Goal of the exercise = In the data, find the word "rule" and copy out every line that has it.

--- START ---

lemma column_bound_on_level_set:
  assumes B: "\<forall>s\<in>{U..0}. wu (s, U) \<le> B"
    and M: "\<forall>q\<in>{p \<in> corner_square U. \<delta> \<le> r p}. wv q \<le> M"
    and q: "(u, v) \<in> corner_square U" "\<delta> \<le> r (u, v)"
  shows "wu (u, v) \<le> B + K1 / (P * c2) * M"
proof -
  have "\<forall>t\<in>{U..v}. wv (u, t) \<le> M"
    using M corner_square_column[OF q(1)] r_antimono_column[OF q(1)] q(2) by fastforce
  then have "wu (u, v) \<le> wu (u, U) + K1 / (P * c2) * M"
    using column_estimate[OF q(1)] by simp
  then show ?thesis using B[THEN bspec, of u] q(1) by (auto simp: corner_square_def)
qed

lemma weights_bounded:
  obtains I where "\<forall>p\<in>corner_square U. wu p \<le> I \<and> wv p \<le> I"
proof -
  have "{U} \<times> {U..0} \<subseteq> corner_square U" "{U..0} \<times> {U} \<subseteq> corner_square U"
    using U_neg by (auto simp: corner_square_def)
  then have "bdd_above (wv ` ({U} \<times> {U..0}))" "bdd_above (wu ` ({U..0} \<times> {U}))"
    using bdd_above_image_compact[OF continuous_on_wv] bdd_above_image_compact[OF continuous_on_wu]
      square_in_Q by (simp_all add: compact_Times)
  then obtain A B where "\<forall>q\<in>{U} \<times> {U..0}. wv q \<le> A" and "\<forall>q\<in>{U..0} \<times> {U}. wu q \<le> B"
    by (auto simp: bdd_above_def)
  then have A: "\<forall>t\<in>{U..0}. wv (U, t) \<le> A" and B: "\<forall>s\<in>{U..0}. wu (s, U) \<le> B"
    by blast+
  define \<theta>1 where "\<theta>1 = K2 / (P * c1)"
  define \<theta>2 where "\<theta>2 = K1 / (P * c2)"
  have "\<theta>1 * \<theta>2 = (K1 * K2) / (P\<^sup>2 * c1 * c2)"
    by (simp add: \<theta>1_def \<theta>2_def power2_eq_square mult_ac)
  then have \<theta>: "\<theta>1 \<ge> 0" "\<theta>2 \<ge> 0" "\<theta>1 * \<theta>2 < 1"
    using K_pos c1_pos c2_pos P_pos coupling_small by (simp_all add: \<theta>1_def \<theta>2_def)
  define I where "I = max ((A + \<theta>1 * B) / (1 - \<theta>1 * \<theta>2)) ((B + \<theta>2 * A) / (1 - \<theta>1 * \<theta>2))"
  \<comment> \<open>The level sets \<open>r \<ge> \<delta>\<close> avoid the corner, so the suprema over them are finite; they
    contain the row and column segments ending in them because \<open>r\<close> decreases towards the corner.\<close>
  have "wu p \<le> I \<and> wv p \<le> I" if p: "p \<in> corner_square U" for p
  proof -
    have \<delta>: "r p > 0" using p square_in_Q r_pos by blast
    have "\<forall>q\<in>{q \<in> corner_square U. r p \<le> r q}.
        wv q \<le> (A + \<theta>1 * B) / (1 - \<theta>1 * \<theta>2) \<and> wu q \<le> (B + \<theta>2 * A) / (1 - \<theta>1 * \<theta>2)"
      by (rule mutual_sup_bounds[OF bdd_above_level_set[OF continuous_on_wv \<delta>]
            bdd_above_level_set[OF continuous_on_wu \<delta>] _ _ \<theta>])
        (use row_bound_on_level_set[OF A] column_bound_on_level_set[OF B] in
          \<open>auto simp: \<theta>1_def \<theta>2_def\<close>)
    then have "wv p \<le> (A + \<theta>1 * B) / (1 - \<theta>1 * \<theta>2) \<and> wu p \<le> (B + \<theta>2 * A) / (1 - \<theta>1 * \<theta>2)"
      using p by blast
    then show ?thesis by (simp add: I_def le_max_iff_disj)
  qed
  then show ?thesis by (rule that[rule_format])
qed

lemma derivative_bounds:
  obtains I where "I > 0"
    "\<forall>p\<in>corner_square U. \<bar>du \<phi> p\<bar> \<le> I / r p powr (1 + P) \<and> \<bar>dv \<phi> p\<bar> \<le> I / r p powr (1 + P)"
proof -
  obtain I where I: "\<forall>p\<in>corner_square U. wu p \<le> I \<and> wv p \<le> I" by (rule weights_bounded)
  have "\<bar>du \<phi> p\<bar> \<le> max I 1 / r p powr (1 + P) \<and> \<bar>dv \<phi> p\<bar> \<le> max I 1 / r p powr (1 + P)"
    if p: "p \<in> corner_square U" for p
  proof -
    have rp: "r p > 0" using p square_in_Q r_pos by blast
    then have "r p powr (1 + P) = r p * r p powr P" by (simp add: powr_add)
    then have "\<bar>du \<phi> p\<bar> * r p powr (1 + P) = wu p" "\<bar>dv \<phi> p\<bar> * r p powr (1 + P) = wv p"
      using rp by (simp_all add: wu_def wv_def abs_mult)
    then show ?thesis using I p rp by (auto simp: pos_le_divide_eq)
  qed
  then show ?thesis using that[of "max I 1"] by simp
qed

end

lemma eventually_near_negative_limit:
  fixes f :: "'a \<Rightarrow> real"
  assumes f: "(f \<longlongrightarrow> - C) F" and C: "C > 0"
  shows "eventually (\<lambda>x. 2 * C / 3 \<le> - f x \<and> - f x \<le> 4 * C / 3) F"
proof -
  have "eventually (\<lambda>x. dist (f x) (- C) < C / 3) F" using C by (intro tendstoD[OF f]) simp
  then show ?thesis by (rule eventually_mono) (simp only: dist_real_def abs_less_iff; linarith)
qed

lemma dist_origin_corner_square:
  assumes "p \<in> corner_square U"
  shows "dist p (0, 0) \<le> - 2 * U"
proof -
  obtain u v where p: "p = (u, v)" "U \<le> u" "u \<le> 0" "U \<le> v" "v \<le> 0"
    using assms by (auto simp: corner_square_def)
  then show ?thesis using dist_Pair_le_sum[of u v 0 0] by simp
qed

lemma corner_square_below_curve:
  fixes b :: "real \<Rightarrow> real"
  assumes b: "\<forall>u\<in>{-\<epsilon><..<\<epsilon>}. (b has_real_derivative deriv b u) (at u)"
    and b_decreasing: "\<forall>u\<in>{-\<epsilon><..<\<epsilon>}. deriv b u < 0"
    and b0: "b 0 = 0"
    and Q_below_b: "\<forall>u v. (u, v) \<in> ball (0, 0) \<epsilon> \<longrightarrow> ((u, v) \<in> Q \<longleftrightarrow> v < b u)"
    and U: "- \<epsilon> / 2 < U"
  shows "corner_square U \<subseteq> Q"
proof safe
  fix u v assume p: "(u, v) \<in> corner_square U"
  then have "(u, v) \<in> ball (0, 0) \<epsilon>"
    using dist_origin_corner_square[OF p] U by (simp add: dist_commute)
  moreover have "v < b u"
  proof (cases "u < 0")
    case True
    have "-\<epsilon> < u" using p U by (simp add: corner_square_def)
    then have "b 0 < b u"
      by (intro DERIV_neg_imp_decreasing[OF True]) (use b b_decreasing p in force)
    then show ?thesis using p b0 by (simp add: corner_square_def)
  next
    case False
    then show ?thesis using p b0 by (auto simp: corner_square_def)
  qed
  ultimately show "(u, v) \<in> Q" using Q_below_b by blast
qed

--- END ---

The answer =
      by (rule mutual_sup_bounds[OF bdd_above_level_set[OF continuous_on_wv \<delta>]
  then show ?thesis by (rule that[rule_format])
  obtain I where I: "\<forall>p\<in>corner_square U. wu p \<le> I \<and> wv p \<le> I" by (rule weights_bounded)
  then show ?thesis by (rule eventually_mono) (simp only: dist_real_def abs_less_iff; linarith)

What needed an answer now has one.